# Living in France and working for the UK based employer



## Kate86 (Sep 9, 2021)

Hi everyone, 
I wonder if anybody here is living in France while working for a UK employer?
I am considering moving to South of France while keeping my UK job since I only need to be in the office occasionally and our children can benefit from warmer climate.
My main question is how it will impact household after tax income? May be someone is in a similar situation and can share experience. My husband will initially stay in London ( his company is looking to relocate later), two kids should move with me to France.
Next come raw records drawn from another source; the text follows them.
lemma fidelity_tendsto_1:
  fixes G :: "'b \<Rightarrow> state"
  assumes "F \<noteq> bot"
    and lim: "\<And>n. ((\<lambda>h. G h n) \<longlongrightarrow> \<psi> n) F"
    and bound: "eventually (\<lambda>h. \<forall>n. cmod (G h n) \<le> M n) F"
    and summable: "summable (\<lambda>n. (M n)^2)"
    and "\<psi> \<noteq> (\<lambda>_. 0)"
  shows "((\<lambda>h. fidelity (G h) \<psi>) \<longlongrightarrow> 1) F"
proof -
  have \<psi>_le: "cmod (\<psi> n) \<le> M n" for n
    using tendsto_upperbound[OF tendsto_norm[OF lim] eventually_mono[OF bound] \<open>F \<noteq> bot\<close>] by blast
  have M_nonneg: "0 \<le> M n" for n
    using \<psi>_le[of n] norm_ge_zero order_trans by blast
  have bound2: "eventually (\<lambda>h. \<forall>n. norm (f (G h n) (\<psi> n)) \<le> (M n)^2) F"
    if "\<And>x y n. cmod x \<le> M n \<Longrightarrow> cmod y \<le> M n \<Longrightarrow> norm (f x y) \<le> (M n)^2"
    for f :: "complex \<Rightarrow> complex \<Rightarrow> 'c::real_normed_vector"
    using bound by (rule eventually_mono) (auto intro: that \<psi>_le)
  have inner: "((\<lambda>h. inner_st (G h) \<psi>) \<longlongrightarrow> (\<Sum>n. cnj (\<psi> n) * \<psi> n)) F"
    unfolding inner_st_def
    by (rule tendsto_suminf_dominated(1)[OF \<open>F \<noteq> bot\<close> _ bound2[of "\<lambda>x y. cnj x * y"] summable])
       (auto intro!: tendsto_intros lim mult_mono simp: norm_mult power2_eq_square M_nonneg)
  have "summable (\<lambda>n. norm ((cmod (\<psi> n))^2))"
    and normsq: "((\<lambda>h. normsq_st (G h)) \<longlongrightarrow> normsq_st \<psi>) F"
    unfolding normsq_st_def
    by (rule tendsto_suminf_dominated[OF \<open>F \<noteq> bot\<close> _ bound2[of "\<lambda>x y. (cmod x)^2"] summable];
        auto intro!: tendsto_intros lim power_mono)+
  then have summable_\<psi>: "summable (\<lambda>n. (cmod (\<psi> n))^2)"
    by simp
  have inner_self: "(\<Sum>n. cnj (\<psi> n) * \<psi> n) = of_real (normsq_st \<psi>)"
    unfolding normsq_st_def suminf_of_real[OF summable_\<psi>]
    by (simp add: complex_norm_square mult.commute del: of_real_power)
  obtain i where "\<psi> i \<noteq> 0"
    using \<open>\<psi> \<noteq> (\<lambda>_. 0)\<close> by auto
  then have "normsq_st \<psi> > 0"
    unfolding normsq_st_def by (intro suminf_pos2[OF summable_\<psi>, of i]) auto
  then have "((\<lambda>h. fidelity (G h) \<psi>) \<longlongrightarrow>
      (cmod (of_real (normsq_st \<psi>)))^2 / (normsq_st \<psi> * normsq_st \<psi>)) F"
    unfolding fidelity_def using inner normsq
    by (intro tendsto_intros) (auto simp: inner_self)
  also have "(cmod (of_real (normsq_st \<psi>)))^2 / (normsq_st \<psi> * normsq_st \<psi>) = 1"
    using \<open>normsq_st \<psi> > 0\<close> by (simp add: power2_eq_square)
  finally show ?thesis .
qed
Will I pay income tax based on household income, but my husband pay tax in UK? 

Any advice is highly appreciated!


----------



## Bevdeforges (Nov 16, 2007)

Doing things the way you're proposing is going to make things complicated at best in this new post-Brexit landscape.

First of all, you'll need visas for the whole family unless either you or your husband have EU nationality. And the type of visa you qualify for will determine whether or not you can work from France as you are planning to do. Back when the UK was part of the EU, the situation was tricky but at least somewhat more manageable. 

There is also the little matter that France taxes couples on a "household" basis - i.e. normally husband and wife are taxed as a household unit. There are ways to declare income separately if living apart, but it can get messy. Plus, there are the French rules for determining where one is "tax resident" - which are vastly simpler, but much more "inclusive" than the very complex and detailed criteria used by the UK tax authority. It is possible that both countries could wind up claiming your husband as a tax resident based on different criteria. 

The main "issue" will be the social insurances. You're considered to be working in France if you are doing work while physically present in France. And if you are working in France, then you need to be registered with and contributing to the French "cotisation" system (i.e. social insurances - including health care, retirement, unemployment and misc. other national benefits). There are a number of ways to handle this - from "contracting" for your UK employer (involving setting up a business that would bill your "employer" for your services) to having your UK employer register as a French employer with no physical presence in France.


----------